Is Stevia Natural?

by D. Eric Walters, Ph.D.

Is stevia natural? Someone recently asked me that question, because of a web posting that said commercial stevia sweeteners have been "extracted and processed" by big corporations, to the point that they are no longer "natural."

The word “stevia” is tossed around pretty loosely these days. It can refer to the plant (Stevia rebaudiana Bertoni), or to material extracted from the leaves of this plant, which may contain varying amounts of the various sweet diterpenoid glycosides that contribute sweetness. Diterpenes are plant metabolites composed of 20 carbon atoms. Plants make extensive use of the 5 carbon “isoprene” building block to make terpenes (10 carbons), sesquiterpenes (15 carbons), diterpenes (20 carbons), and even larger structures. Plants use these compounds to attract pollinators, repel parasites and predators, and for numerous other purposes.

The sweet components of the stevia leaf are composed of the diterpenoid steviol linked to one or more sugars. In the wild, the major steviol derivative is stevioside, which has 3 sugars attached. It is pretty sweet, but it also has some bitterness. Next most abundant is rebaudioside A, which has 4 sugars attached. It is a little less sweet than stevioside, but significantly less bitter. Considerable effort has been devoted to (1) increasing the amount of rebaudioside A in the plant, and (2) purifying rebaudioside A; Rebiana™ is an example. There are lesser amounts of other rebaudiosides (C, D, E, F, M) and related compounds steviolbioside (stevioside with one of its sugars removed), and rubusoside (stevioside with a different sugar removed). There are now efforts to isolate stevia glycosides that exist at even lower levels in the plant (rebaudiosides T, U, and IX have been reported). The goal is to find the ones with the best sweetness and the least bitterness.
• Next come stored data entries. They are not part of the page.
lemma rho_hat_conv_prob: "conv_prob M (rho_hat X y) (acov M e 1 / acov M e 0)"
proof -
  have [measurable]: "(\<lambda>p::real \<times> real. fst p * snd p) \<in> borel_measurable borel"
    "(\<lambda>p::real \<times> real. (snd p)\<^sup>2) \<in> borel_measurable borel"
    by (intro borel_measurable_continuous_onI continuous_intros)+
  have "conv_prob M (\<lambda>T \<omega>. (\<Sum>t\<in>{1..T}. e (int t) \<omega> * e (int t - 1) \<omega>) / real T) (acov M e 1)"
    using lag_average_conv_prob[of "\<lambda>p. fst p * snd p"] expectation_e_lag_mult[of 0]
    by (simp add: integrable_e_mult)
  then have numerator: "conv_prob M (\<lambda>T \<omega>. (\<Sum>t\<in>{1..T}. resid X y T (int t - 1) \<omega> * resid X y T (int t) \<omega>) / real T)
      (acov M e 1)"
    by (rule conv_prob_resid_average) (simp_all add: abs_resid_lag_mult_diff_le[where t = "int _", simplified])
  have "conv_prob M (\<lambda>T \<omega>. (\<Sum>t\<in>{1..T}. (e (int t - 1) \<omega>)\<^sup>2) / real T) (acov M e 0)"
    using lag_average_conv_prob[of "\<lambda>p. (snd p)\<^sup>2"] expectation_e_square[of "- 1"]
    by (simp add: integrable_e_square)
  then have denominator: "conv_prob M (\<lambda>T \<omega>. (\<Sum>t\<in>{1..T}. (resid X y T (int t - 1) \<omega>)\<^sup>2) / real T) (acov M e 0)"
    by (rule conv_prob_resid_average) (simp_all add: abs_resid_square_diff_le[where t = "int _", simplified])
  show ?thesis
    using conv_prob_divide[OF numerator denominator acov_0_nonzero]
    unfolding rho_hat_eq_average_ratio[abs_def] .
qed

lemma pred_error_conv_prob:
  "conv_prob M (\<lambda>T \<omega>. (y (int T + 1) \<omega> - pred X y T \<omega>) - e (int T + 1) \<omega>) 0"
  by (rule conv_prob_cong[OF X_ols_error_conv_prob[of "\<lambda>T. int T + 1"]])
    (simp_all add: pred_def model inner_diff_right)

lemma pred_plus_error_conv_prob:
  defines "\<rho> \<equiv> acov M e 1 / acov M e 0"
  shows "conv_prob M (\<lambda>T \<omega>. (y (int T + 1) \<omega> - pred_plus X y T \<omega>) - (e (int T + 1) \<omega> - \<rho> * e (int T) \<omega>)) 0"
proof -
  have "bounded_in_prob M (\<lambda>T. e (int T))"
    by (intro bounded_in_prob_if_expectation_square_le[where B = "acov M e 0"])
      (simp_all add: integrable_e_square expectation_e_square)
  then have "conv_prob M (\<lambda>T \<omega>. e (int T) \<omega> * (\<rho> - rho_hat X y T \<omega>)) 0"
    using conv_prob_diff[OF conv_prob_const[where c = \<rho>] rho_hat_conv_prob[folded \<rho>_def]]
    by (intro bounded_in_prob_mult_conv_prob_zero) simp_all
  moreover have "conv_prob M (\<lambda>T \<omega>. rho_hat X y T \<omega> * (X (int T) \<omega> \<bullet> (\<beta> - ols X y T \<omega>))) 0"
    using conv_prob_mult[OF rho_hat_conv_prob X_ols_error_conv_prob[of int]] by simp
  ultimately have "conv_prob M (\<lambda>T \<omega>. X (int T + 1) \<omega> \<bullet> (\<beta> - ols X y T \<omega>)
      - rho_hat X y T \<omega> * (X (int T) \<omega> \<bullet> (\<beta> - ols X y T \<omega>)) + e (int T) \<omega> * (\<rho> - rho_hat X y T \<omega>)) 0"
    using conv_prob_add[OF conv_prob_diff[OF X_ols_error_conv_prob[of "\<lambda>T. int T + 1"]]] by fastforce
  then show ?thesis
  proof (rule conv_prob_cong)
    show "(\<lambda>\<omega>. (y (int T + 1) \<omega> - pred_plus X y T \<omega>) - (e (int T + 1) \<omega> - \<rho> * e (int T) \<omega>))
        \<in> borel_measurable M" for T
      unfolding pred_plus_def pred_def rho_hat_def by measurable
  qed (simp add: pred_plus_def pred_def resid_eq model inner_diff_right algebra_simps)
qed

end

theorem lemma1:
  fixes M :: "'a measure" and e y :: "int \<Rightarrow> 'a \<Rightarrow> real"
    and X :: "int \<Rightarrow> 'a \<Rightarrow> real^'k" and \<beta> :: "real^'k"
  assumes P: "prob_space M"
    and model: "\<forall>t. \<forall>\<omega>\<in>space M. y t \<omega> = X t \<omega> \<bullet> \<beta> + e t \<omega>"
    and e_meas: "\<forall>t. e t \<in> borel_measurable M"
    and X_meas: "\<forall>t. X t \<in> borel_measurable M"
    and moments_mixing: "\<exists>r>2. (\<forall>t. integrable M (\<lambda>\<omega>. \<bar>e t \<omega>\<bar> powr r)) \<and>
          (\<exists>\<delta>>0. (\<lambda>k::nat. mixing_coeff M e (int k))
                    \<in> O(\<lambda>k. real k powr (- (r / (r - 2)) - \<delta>)))"
    and zero_mean: "\<forall>t. integral\<^sup>L M (e t) = 0"
    and stat: "strictly_stationary M e"
    and gamma0: "acov M e 0 \<noteq> 0"
    and X_moments: "\<forall>j\<in>{0,1::int}. \<forall>i l. \<forall>t s.
          integrable M (\<lambda>\<omega>. X t \<omega> $ i * e (t - j) \<omega>) \<and>
          integrable M (\<lambda>\<omega>. X (t - j) \<omega> $ i * e t \<omega>) \<and>
          integrable M (\<lambda>\<omega>. X t \<omega> $ i * X (t - j) \<omega> $ l) \<and>
          integral\<^sup>L M (\<lambda>\<omega>. X t \<omega> $ i * e (t - j) \<omega>) = integral\<^sup>L M (\<lambda>\<omega>. X s \<omega> $ i * e (s - j) \<omega>) \<and>
          integral\<^sup>L M (\<lambda>\<omega>. X (t - j) \<omega> $ i * e t \<omega>) = integral\<^sup>L M (\<lambda>\<omega>. X (s - j) \<omega> $ i * e s \<omega>) \<and>
          integral\<^sup>L M (\<lambda>\<omega>. X t \<omega> $ i * X (t - j) \<omega> $ l) = integral\<^sup>L M (\<lambda>\<omega>. X s \<omega> $ i * X (s - j) \<omega> $ l)"
    and consistent: "conv_prob M (\<lambda>T. ols X y T) \<beta>"
  shows "conv_prob M (\<lambda>T. rho_hat X y T) (acov M e 1 / acov M e 0)
       \<and> conv_prob M (\<lambda>T \<omega>. (y (int T + 1) \<omega> - pred X y T \<omega>) - e (int T + 1) \<omega>) 0
       \<and> (\<forall>T::nat. integral\<^sup>L M (e (int T + 1)) = 0 \<and>
             integral\<^sup>L M (\<lambda>\<omega>. (e (int T + 1) \<omega> - integral\<^sup>L M (e (int T + 1)))^2) = acov M e 0)
       \<and> conv_prob M (\<lambda>T \<omega>. (y (int T + 1) \<omega> - pred_plus X y T \<omega>)
             - (e (int T + 1) \<omega> - (acov M e 1 / acov M e 0) * e (int T) \<omega>)) 0
       \<and> (\<forall>T::nat.
           integral\<^sup>L M (\<lambda>\<omega>. e (int T + 1) \<omega> - (acov M e 1 / acov M e 0) * e (int T) \<omega>) = 0 \<and>
           integral\<^sup>L M (\<lambda>\<omega>. (e (int T + 1) \<omega> - (acov M e 1 / acov M e 0) * e (int T) \<omega>
              - integral\<^sup>L M (\<lambda>\<omega>. e (int T + 1) \<omega> - (acov M e 1 / acov M e 0) * e (int T) \<omega>))^2)
             = acov M e 0 * (1 - (acov M e 1 / acov M e 0)^2))"
proof -
  interpret prob_space M
    by (rule P)
  obtain r \<delta> where "r > 2" and "\<delta> > 0" and e_moment: "\<And>t. integrable M (\<lambda>\<omega>. \<bar>e t \<omega>\<bar> powr r)"
    and rate: "(\<lambda>k::nat. mixing_coeff M e (int k)) \<in> O(\<lambda>k. real k powr (- (r / (r - 2)) - \<delta>))"
    using moments_mixing by blast
  have "- (r / (r - 2)) - \<delta> < 0"
    using \<open>r > 2\<close> \<open>\<delta> > 0\<close> divide_pos_pos[of r "r - 2"] by linarith
  then have mixing: "(\<lambda>k::nat. mixing_coeff M e (int k)) \<longlonglongrightarrow> 0"
    by (rule tendsto_zero_if_bigo_powr_neg[OF rate])
  have e_square: "integrable M (\<lambda>\<omega>. (e 0 \<omega>)\<^sup>2)"
    using \<open>r > 2\<close> by (intro integrable_square_if_integrable_abs_powr[OF _ e_moment]) (simp_all add: e_meas)
  have "integrable M (\<lambda>\<omega>. X t \<omega> $ i * X t \<omega> $ i)"
    and "expectation (\<lambda>\<omega>. X t \<omega> $ i * X t \<omega> $ i) = expectation (\<lambda>\<omega>. X 0 \<omega> $ i * X 0 \<omega> $ i)" for t i
    using X_moments[rule_format, where j = 0 and i = i and l = i and t = t and s = 0] by simp_all
  note X_norm = norm_square_moments_if_component_moments[where X = X, OF this]
  interpret regression_model M e X y \<beta>
    by unfold_locales (simp_all add: e_meas stat mixing model X_meas zero_mean e_square X_norm consistent gamma0)
  show ?thesis
    using rho_hat_conv_prob pred_error_conv_prob pred_plus_error_conv_prob
      innovation_moments e_zero_mean expectation_e_square
    by simp
qed

end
Then plant breeding is carried out to find varieties of the plant that produce greater quantities of the more desirable glycosides. Interestingly, people have steered away from the GMO approach. I think they realize that the appeal of stevia is the “natural” aspect—the taste quality is not the main attraction. In addition to the bitterness, stevia sweeteners generally have slow onset of sweetness, and a tendency for the sweetness to linger. In a practical sense, if you try to sweeten a cola using only stevia, the sour and bitter taste components arrive before the sweetness, and that’s not what consumers expect when drinking a cola.
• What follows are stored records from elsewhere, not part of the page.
lemma count_list_eq_one_if_remove_nth_avoids:
  assumes avoid: "\<And>ws. ws \<in> reduced_words n w \<Longrightarrow> \<exists>m<length ws. i \<notin> set (remove_nth m ws)"
    and "i \<in> supp n w" and ws: "ws \<in> reduced_words n w"
  shows "count_list ws i = 1"
proof -
  obtain ws0 where ws0: "ws0 \<in> reduced_words n w" "i \<in> set ws0"
    using assms(2) by (auto simp: supp_def)
  then obtain m where m: "m < length ws0" "i \<notin> set (remove_nth m ws0)"
    using avoid by blast
  then obtain xs y ys where ws0_split: "ws0 = xs @ y # ys" "remove_nth m ws0 = xs @ ys"
    by (elim remove_nthE)
  then have "y = i" "i \<notin> set xs" "i \<notin> set ys"
    using m(2) ws0(2) by auto
  have "word_perm (xs @ i # ys) = word_perm ws"
    using ws ws0(1) ws0_split(1) \<open>y = i\<close> by (simp add: reduced_words_iff)
  then have "i \<in> set ws"
    using mem_if_single_occurrence \<open>i \<notin> set xs\<close> \<open>i \<notin> set ys\<close> by blast
  then have "count_list ws i \<noteq> 0"
    by (simp add: count_list_0_iff)
  moreover obtain k where "k < length ws" "i \<notin> set (remove_nth k ws)"
    using avoid[OF ws] by blast
  then have "count_list ws i \<le> 1"
    by (rule count_list_le_one_if_notin_remove_nth)
  ultimately show ?thesis
    by linarith
qed

theorem corollary2p2:
  fixes n :: nat and w v :: "nat \<Rightarrow> nat" and i :: nat
  assumes "w permutes {1..n}" and "v permutes {1..n}"
    and "bruhat_less n v w"
    and "supp n v \<subset> supp n w"
    and "iso_two_times n w v"
    and "i \<in> supp n w - supp n v"
  shows "\<forall>ws\<in>reduced_words n w. count_list ws i = 1"
proof -
  have vw: "bruhat_le n v w"
    using assms(3) by (simp add: bruhat_less_def)
  have len: "card (inversions n w) = card (inversions n v) + 1"
    using card_inversions_le_if_iso_two_times[OF assms(1,5)] bruhat_less_card_inversions[OF assms(3)]
    by linarith
  have avoid: "\<exists>m<length ws. i \<notin> set (remove_nth m ws)" if ws: "ws \<in> reduced_words n w" for ws
  proof -
    obtain m where "m < length ws" "remove_nth m ws \<in> reduced_words n v"
      using exists_remove_nth_reduced_word[OF ws vw len] by blast
    moreover from this(2) have "set (remove_nth m ws) \<subseteq> supp n v"
      by (auto simp: supp_def)
    ultimately show ?thesis
      using assms(6) by blast
  qed
  then show ?thesis
    using count_list_eq_one_if_remove_nth_avoids assms(6) by blast
qed

end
While people are not necessarily trying to genetically engineer the stevia plant, there is a lot of work going on to use enzymes produced by yeast or bacteria to attach more sugars to the readily available stevioside, to try to improve its taste. If you take stevioside that you isolated from stevia leaves, and you use a “natural” bacterial or yeast enzyme to add “natural” sugar molecules to produce rebaudioside A, a molecule which occurs naturally, is that “natural”?

Clearly, “natural” is a word that is even more abused than “stevia.” First, just because something is natural, you cannot assume it is safe. Foxglove and belladonna are natural plants that produce highly toxic materials. Is it “natural” to extract and purify stevia glycosides from the stevia plant? I think this is more a philosophical question than a scientific one. Where do you draw the line? Would you rather “process” a walnut by taking off its shell, or eat it in its natural state? Plant breeding has been going on for millennia, with both positive and negative outcomes. Genetically manipulating yeast or bacteria to convert stevioside to rebaudioside A is a little further along the spectrum (further from "natural"), and I understand some of the concerns there. But in the end, when you have a bottle of pure rebaudioside A, it’s the same chemical structure whether it was produced solely by a Paraguayan plant or with the help of an engineered yeast. If there is a toxic effect, it will be the same toxic effect in either case. If there is a beneficial effect, it will be the same in either case. As a chemist, I am more concerned with the effects of molecules on a molecule-by-molecule basis than with where the molecule came from. The wonderful smell and flavor of baked bread arises, in part, from chemical reactions (Maillard and Amadori reactions) that take place between sugars and proteins under the influence of heat. Is that “natural”? If you were to eat raw coffee beans, you would not recognize them as coffee. They must be fermented, dried, and roasted to produce the flavor you expect from coffee. The roasting pyrolyzes fats, proteins and sugars, producing dozens of pyrazines and other aromatic chemical substances that many of us have grown to love. I suppose I could never be “Mr. Natural” if it means I have to consume raw coffee beans.